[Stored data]
=======
lemma W1_mult_p:
  assumes "cmod p < 1" "p \<noteq> 0" "x \<noteq> 0" "a \<noteq> 0" "b \<noteq> 0" "t \<noteq> 0" "q \<noteq> 0"
  shows "W1 p q t a b lam mu (p * x) = W1 p q t a b lam mu x"
proof -
  define K where "K = 1 / (a * p * x^2)"
  define N where "N y = epl p q t (1 / y) lam * epl p q t (a * y) lam
      * epl p q t (q * b * y / t) mu * epl p q t (q * b / (a * y * t)) mu" for y
  define D where "D y = epl p q t (1 / y) mu * epl p q t (a * y) mu
      * epl p q t (q * b * y) lam * epl p q t (q * b / (a * y)) lam" for y
  have pair_1: "epl p q t (1 / (p * x)) l * epl p q t (a * (p * x)) l
      = K ^ sum_list l * (epl p q t (1 / x) l * epl p q t (a * x) l)" for l
    using epl_pair_mult_p[OF assms(1-4), of 1] assms unfolding K_def by simp
  have pair_t: "epl p q t (q * b / (a * (p * x) * t)) l * epl p q t (q * b * (p * x) / t) l
      = K ^ sum_list l * (epl p q t (q * b / (a * x * t)) l * epl p q t (q * b * x / t) l)" for l
  proof -
    have "q * b / (a * y * t) = q * b / (a * t) / y" "q * b * y / t = a * (q * b / (a * t)) * y" for y
      using assms by (simp_all add: field_simps)
    then show ?thesis
      unfolding K_def using assms by (simp only:) (intro epl_pair_mult_p, simp_all)
  qed
  have pair_b: "epl p q t (q * b / (a * (p * x))) l * epl p q t (q * b * (p * x)) l
      = K ^ sum_list l * (epl p q t (q * b / (a * x)) l * epl p q t (q * b * x) l)" for l
  proof -
    have "q * b / (a * y) = q * b / a / y" "q * b * y = a * (q * b / a) * y" for y
      using assms by (simp_all add: field_simps)
    then show ?thesis
      unfolding K_def using assms by (simp only:) (intro epl_pair_mult_p, simp_all)
  qed
  have N_split: "N y = (epl p q t (1 / y) lam * epl p q t (a * y) lam)
      * (epl p q t (q * b / (a * y * t)) mu * epl p q t (q * b * y / t) mu)" for y
    unfolding N_def by (simp only: ac_simps)
  have N: "N (p * x) = K ^ (sum_list lam + sum_list mu) * N x"
    unfolding N_split pair_1 pair_t power_add by (simp only: ac_simps)
  have D_split: "D y = (epl p q t (1 / y) mu * epl p q t (a * y) mu)
      * (epl p q t (q * b / (a * y)) lam * epl p q t (q * b * y) lam)" for y
    unfolding D_def by (simp only: ac_simps)
  have D: "D (p * x) = K ^ (sum_list lam + sum_list mu) * D x"
    unfolding D_split pair_1 pair_b power_add by (simp only: ac_simps)
  have "K \<noteq> 0"
    using assms unfolding K_def by simp
  then have "N (p * x) / D (p * x) = N x / D x"
    unfolding N D by simp
  then show ?thesis
    unfolding W1_def Let_def N_def D_def by (simp only: times_divide_eq_right[symmetric])
qed

lemma Wskew_list_update_mult_p:
  assumes "cmod p < 1" "p \<noteq> 0" "a \<noteq> 0" "b \<noteq> 0" "t \<noteq> 0" "q \<noteq> 0"
    and "i < length xs" "xs ! i \<noteq> 0"
  shows "Wskew p q t a b lam mu (xs[i := p * xs ! i]) = Wskew p q t a b lam mu xs"
  using assms(7,8)
proof (induction xs arbitrary: i lam)
  case Nil
  then show ?case by simp
next
  case (Cons y zs)
  show ?case
  proof (cases i)
    case 0
    let ?n = "int (length zs)"
    have "W1 p q t (a * t powi (2 * ?n)) (b * t powi ?n) lam nu (p * (y * t powi (- ?n)))
        = W1 p q t (a * t powi (2 * ?n)) (b * t powi ?n) lam nu (y * t powi (- ?n))" for nu
      using Cons.prems 0 assms by (intro W1_mult_p) simp_all
    then show ?thesis
      using 0 by (simp add: mult.assoc)
  next
    case (Suc j)
    then show ?thesis
      using Cons.prems Cons.IH[of j] by simp
  qed
qed

lemma powr_add_divide_ln:
  fixes q :: real and z w :: complex
  assumes "0 < q" "q \<noteq> 1"
  shows "of_real q powr (z + w / of_real (ln q)) = exp w * of_real q powr z"
proof -
  have "ln q \<noteq> 0" using assms by simp
  then have "(z + w / of_real (ln q)) * of_real (ln q) = w + z * of_real (ln q)"
    by (simp add: field_simps)
  then show ?thesis
    using assms by (simp add: powr_def Ln_of_real exp_add)
qed

theorem mainTheorem11:
  fixes q :: real and p t a b :: complex and n :: nat and lam :: "nat list"
    and u :: "nat \<Rightarrow> complex" and i :: nat
  assumes "0 < q" "q < 1" "0 < cmod p" "cmod p < 1"
    and "t \<noteq> 0" "a \<noteq> 0" "b \<noteq> 0"
    and "is_partition lam" "length lam = n" "i < n"
  defines "f \<equiv> (\<lambda>v :: nat \<Rightarrow> complex.
             Wpart p (of_real q) t a b lam (map (\<lambda>k. (of_real q) powr (v k)) [0..<n]))"
  shows "f (u(i := u i + 2 * pi * \<i> / of_real (ln q))) = f u \<and>
         f (u(i := u i + Ln p / of_real (ln q))) = f u"
proof
  have "exp (2 * pi * \<i>) = 1"
    by simp
  then have "map (\<lambda>k. of_real q powr ((u(i := u i + 2 * pi * \<i> / of_real (ln q))) k)) [0..<n]
      = map (\<lambda>k. of_real q powr (u k)) [0..<n]"
    using powr_add_divide_ln[of q] assms(1,2) by (intro map_cong) auto
  then show "f (u(i := u i + 2 * pi * \<i> / of_real (ln q))) = f u"
    unfolding f_def by (simp only:)
next
  let ?xs = "map (\<lambda>k. of_real q powr (u k)) [0..<n]"
  have "p \<noteq> 0"
    using assms(3) by auto
  then have "map (\<lambda>k. of_real q powr ((u(i := u i + Ln p / of_real (ln q))) k)) [0..<n]
      = ?xs[i := p * ?xs ! i]"
    using powr_add_divide_ln[of q] assms(1,2,10) by (intro nth_equalityI) (auto simp: nth_list_update)
  moreover have "Wskew p q t a b lam mu (?xs[i := p * ?xs ! i]) = Wskew p q t a b lam mu ?xs" for mu
    using assms \<open>p \<noteq> 0\<close> by (intro Wskew_list_update_mult_p) auto
  ultimately show "f (u(i := u i + Ln p / of_real (ln q))) = f u"
    unfolding f_def Wpart_def by simp
qed

end
text \<open>Hence cross_ratio is well defined: any isometric identification of a plane with the
  complex plane under which the cross-ratio is real determines its value.\<close>

lemma cross_ratio_eqI:
  fixes A B C D :: "'a::euclidean_space"
  assumes iso: "\<And>z w. dist (\<phi> z) (\<phi> w) = dist z w"
    and pts: "\<phi> z1 = A" "\<phi> z2 = B" "\<phi> z3 = C" "\<phi> z4 = D"
    and q: "cross_ratio_cplx z1 z2 z3 z4 = of_real q"
  shows "cross_ratio A B C D = q"
  unfolding cross_ratio_def
proof (rule the_equality)
  show "\<exists>\<phi> z1 z2 z3 z4. (\<forall>z w. dist (\<phi> z) (\<phi> w) = dist z w) \<and>
      \<phi> z1 = A \<and> \<phi> z2 = B \<and> \<phi> z3 = C \<and> \<phi> z4 = D \<and>
      (z1 - z2) * inverse (z2 - z3) * (z3 - z4) * inverse (z4 - z1) = complex_of_real q"
    using iso pts q unfolding cross_ratio_cplx_def by blast
next
  (* Any admissible value equals the isometry invariant cross_ratio_re. *)
  have admissible_value: "q' = cross_ratio_re A B C D"
    if "\<And>z w. dist (\<psi> z) (\<psi> w) = dist z w" "\<psi> w1 = A" "\<psi> w2 = B" "\<psi> w3 = C" "\<psi> w4 = D"
      "cross_ratio_cplx w1 w2 w3 w4 = of_real q'" for \<psi> :: "complex \<Rightarrow> 'a" and w1 w2 w3 w4 q'
  proof -
    have "q' = Re (cross_ratio_cplx w1 w2 w3 w4)" using that(6) by simp
    also have "\<dots> = cross_ratio_re (\<psi> w1) (\<psi> w2) (\<psi> w3) (\<psi> w4)"
      by (simp add: Re_cross_ratio_cplx cross_ratio_re_isometry that(1))
    finally show ?thesis using that(2-5) by simp
  qed
  fix q'
  assume "\<exists>\<psi> w1 w2 w3 w4. (\<forall>z w. dist (\<psi> z) (\<psi> w :: 'a) = dist z w) \<and>
      \<psi> w1 = A \<and> \<psi> w2 = B \<and> \<psi> w3 = C \<and> \<psi> w4 = D \<and>
      (w1 - w2) * inverse (w2 - w3) * (w3 - w4) * inverse (w4 - w1) = complex_of_real q'"
  then have "q' = cross_ratio_re A B C D" unfolding cross_ratio_cplx_def[symmetric] using admissible_value by blast
  moreover have "q = cross_ratio_re A B C D" using admissible_value[OF iso pts q] .
  ultimately show "q' = q" by simp
qed

section \<open>Isometric embeddings of the complex plane\<close>

definition isometric_embedding :: "('b::real_inner \<Rightarrow> 'a::real_inner) \<Rightarrow> bool" where
  "isometric_embedding h \<longleftrightarrow> linear h \<and> (\<forall>x y. inner (h x) (h y) = inner x y)"

lemma isometric_embedding_norm: "isometric_embedding h \<Longrightarrow> norm (h x) = norm x"
  unfolding isometric_embedding_def by (simp add: norm_eq_sqrt_inner)

lemma isometric_embedding_dist:
  assumes "isometric_embedding h"
  shows "dist (a + h x) (a + h y) = dist x y"
proof -
  have "h x - h y = h (x - y)" using assms unfolding isometric_embedding_def by (simp add: linear_diff)
  then show ?thesis using isometric_embedding_norm[OF assms, of "x - y"] by (simp add: dist_norm)
qed

lemma isometric_embedding_inj: "isometric_embedding h \<Longrightarrow> inj h"
  by (rule injI) (metis isometric_embedding_dist[of h 0] add_0 dist_eq_0_iff)

lemma affine_hull_embedded:
  fixes h :: "'b::euclidean_space \<Rightarrow> 'a::euclidean_space"
  assumes "linear h"
  shows "affine hull ((\<lambda>x. a + h x) ` S) = (\<lambda>x. a + h x) ` (affine hull S)"
proof -
  have "affine hull ((\<lambda>x. a + h x) ` S) = affine hull ((\<lambda>x. a + x) ` h ` S)"
    by (simp add: image_image)
  also have "\<dots> = (\<lambda>x. a + x) ` h ` (affine hull S)"
    unfolding affine_hull_translation affine_hull_linear_image[symmetric,
        OF assms[unfolded linear_conv_bounded_linear]] ..
  finally show ?thesis by (simp add: image_image)
qed

lemma aff_dim_embedded:
  fixes h :: "'b::euclidean_space \<Rightarrow> 'a::euclidean_space"
  assumes "linear h" and "inj h"
  shows "aff_dim ((\<lambda>x. a + h x) ` S) = aff_dim S"
proof -
  have "(\<lambda>x. a + h x) ` S = (+) a ` h ` S" by (simp add: image_image)
  then show ?thesis using aff_dim_translation_eq aff_dim_injective_linear_image assms by metis
qed

lemma nondeg_planar_quad_embedded:
  fixes h :: "'b::euclidean_space \<Rightarrow> 'a::euclidean_space"
  assumes "linear h" and "inj h"
  shows "nondeg_planar_quad (a + h z0) (a + h z1) (a + h z2) (a + h z3)
    \<longleftrightarrow> nondeg_planar_quad z0 z1 z2 z3"
proof -
  define \<phi> where "\<phi> x = a + h x" for x
  have inj: "inj \<phi>" using assms(2) unfolding \<phi>_def inj_def by simp
  have aff: "aff_dim (\<phi> ` S) = aff_dim S" for S
    unfolding \<phi>_def using aff_dim_embedded[OF assms] .
  have col: "collinear {\<phi> x, \<phi> y, \<phi> z} \<longleftrightarrow> collinear {x, y, z}" for x y z
    unfolding collinear_aff_dim using aff[of "{x, y, z}"] by simp
  have hull: "affine hull {\<phi> x, \<phi> y} = \<phi> ` (affine hull {x, y})" for x y
    using affine_hull_embedded[OF assms(1), of a "{x, y}"] unfolding \<phi>_def by simp
  have diag: "(\<exists>P. P \<in> affine hull {\<phi> z0, \<phi> z2} \<and> P \<in> affine hull {\<phi> z1, \<phi> z3}
        \<and> P \<notin> {\<phi> z0, \<phi> z1, \<phi> z2, \<phi> z3})
      \<longleftrightarrow> (\<exists>P. P \<in> affine hull {z0, z2} \<and> P \<in> affine hull {z1, z3} \<and> P \<notin> {z0, z1, z2, z3})"
    unfolding hull using inj by (auto simp: inj_image_mem_iff inj_eq)
  show ?thesis
    unfolding nondeg_planar_quad_def \<phi>_def[symmetric] col diag
    using aff[of "{z0, z1, z2, z3}"] inj by (simp add: inj_eq)
qed

lemma concircular_embedded:
  fixes h :: "'b::euclidean_space \<Rightarrow> 'a::euclidean_space"
  assumes iso: "isometric_embedding h"
  shows "concircular (a + h z0) (a + h z1) (a + h z2) (a + h z3) \<longleftrightarrow> concircular z0 z1 z2 z3"
proof -
  define \<phi> where "\<phi> x = a + h x" for x
  have lin: "linear h" using iso unfolding isometric_embedding_def by simp
  have pts: "{\<phi> z0, \<phi> z1, \<phi> z2, \<phi> z3} = \<phi> ` {z0, z1, z2, z3}" by simp
  have aff: "aff_dim (\<phi> ` S) = aff_dim S" for S
    unfolding \<phi>_def using aff_dim_embedded[OF lin isometric_embedding_inj[OF iso]] .
  have hull: "affine hull (\<phi> ` S) = \<phi> ` (affine hull S)" for S
    unfolding \<phi>_def using affine_hull_embedded[OF lin] .
  have dist: "dist (\<phi> x) (\<phi> y) = dist x y" for x y
    unfolding \<phi>_def using isometric_embedding_dist[OF iso] .
  show ?thesis
    unfolding concircular_def \<phi>_def[symmetric] pts hull aff by (auto simp: dist)
qed

lemma parallel_vec_linear_image:
  assumes "linear h" and "inj h"
  shows "parallel_vec (h x) (h y) \<longleftrightarrow> parallel_vec x y"
proof -
  have "h u = c *\<^sub>R h v \<longleftrightarrow> u = c *\<^sub>R v" for u v c
    using assms by (metis linear_scale inj_eq)
  then show ?thesis unfolding parallel_vec_def by simp
qed

lemma dual_quad_embedded:
  assumes "linear h" and "inj h"
  shows "dual_quad (a + h z0) (a + h z1) (a + h z2) (a + h z3) (g + h w0) (g + h w1) (g + h w2) (g + h w3)
    \<longleftrightarrow> dual_quad z0 z1 z2 z3 w0 w1 w2 w3"
proof -
  have "(p + h x) - (p + h y) = h (x - y)" for p x y using assms(1) by (simp add: linear_diff)
  then show ?thesis unfolding dual_quad_def by (simp add: parallel_vec_linear_image[OF assms])
qed

lemma dual_edge_embedded:
  assumes "isometric_embedding h"
  shows "dual_edge r (a + h x) (a + h y) = h (dual_edge r x y)"
proof -
  have lin: "linear h" using assms unfolding isometric_embedding_def by simp
  then have "(a + h y) - (a + h x) = h (y - x)" by (simp add: linear_diff)
  then show ?thesis unfolding dual_edge_def
    using isometric_embedding_norm[OF assms] by (simp add: linear_scale[OF lin])
qed

lemma cross_ratio_embedded:
  fixes h :: "complex \<Rightarrow> 'a::euclidean_space"
  assumes "isometric_embedding h" and "cross_ratio_cplx z0 z1 z2 z3 = of_real q"
  shows "cross_ratio (a + h z0) (a + h z1) (a + h z2) (a + h z3) = q"
  by (rule cross_ratio_eqI[where \<phi> = "\<lambda>z. a + h z"]) (use assms isometric_embedding_dist in auto)

lemma plane_frame:
  fixes A B C :: "'a::euclidean_space"
  assumes nc: "\<not> collinear {A, B, C}"
  obtains h :: "complex \<Rightarrow> 'a" and b c where "isometric_embedding h" "B = A + h b" "C = A + h c"
proof -
  have AB: "A \<noteq> B" using nc by (auto simp: collinear_2)
  (* Gram-Schmidt applied to B - A and C - A. *)
  define e1 where "e1 = (1 / norm (B - A)) *\<^sub>R (B - A)"
  define w where "w = (C - A) - inner (C - A) e1 *\<^sub>R e1"
  have "norm e1 = 1" unfolding e1_def using AB by simp
  then have ne1: "inner e1 e1 = 1" by (simp add: norm_eq_1)
  have iw: "inner e1 w = 0" unfolding w_def using ne1 by (simp add: inner_diff_right inner_commute)
  have w0: "w \<noteq> 0"
  proof
    assume "w = 0"
    then have "C - A = inner (C - A) e1 *\<^sub>R e1" unfolding w_def by simp
    also have "\<dots> = (inner (C - A) e1 / norm (B - A)) *\<^sub>R (B - A)" unfolding e1_def by simp
    finally have "C = A + (inner (C - A) e1 / norm (B - A)) *\<^sub>R (B - A)"
      by (metis add.commute diff_add_cancel)
    then have "collinear {C, A, B}" by (rule collinear_on_line)
    then show False using nc by (simp add: insert_commute)
  qed
  define e2 where "e2 = (1 / norm w) *\<^sub>R w"
  have "norm e2 = 1" unfolding e2_def using w0 by simp
  then have ne2: "inner e2 e2 = 1" by (simp add: norm_eq_1)
  have i12: "inner e1 e2 = 0" unfolding e2_def using iw by simp
  define h where "h z = Re z *\<^sub>R e1 + Im z *\<^sub>R e2" for z
  have "linear h" unfolding h_def by (rule linearI) (simp_all add: algebra_simps scaleR_add_left)
  moreover have "inner (h x) (h y) = inner x y" for x y
    unfolding h_def inner_complex_def using ne1 ne2 i12
    by (simp add: inner_add_left inner_add_right inner_commute algebra_simps)
  ultimately have "isometric_embedding h" unfolding isometric_embedding_def by blast
  moreover have "B = A + h (Complex (norm (B - A)) 0)" unfolding h_def e1_def using AB by simp
  moreover have "C = A + h (Complex (inner (C - A) e1) (norm w))"
    unfolding h_def e2_def using w0 by (simp add: w_def)
  ultimately show ?thesis by (rule that)
qed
=======
» Assignment:
In the entries above, the lines from the one bearing "then show ?case by simp" up to and including the one bearing "using Cons.prems 0" should be transcribed exactly; no other line is wanted.

» Solution for this task:
  then show ?case by simp
next
  case (Cons y zs)
  show ?case
  proof (cases i)
    case 0
    let ?n = "int (length zs)"
    have "W1 p q t (a * t powi (2 * ?n)) (b * t powi ?n) lam nu (p * (y * t powi (- ?n)))
        = W1 p q t (a * t powi (2 * ?n)) (b * t powi ?n) lam nu (y * t powi (- ?n))" for nu
      using Cons.prems 0 assms by (intro W1_mult_p) simp_all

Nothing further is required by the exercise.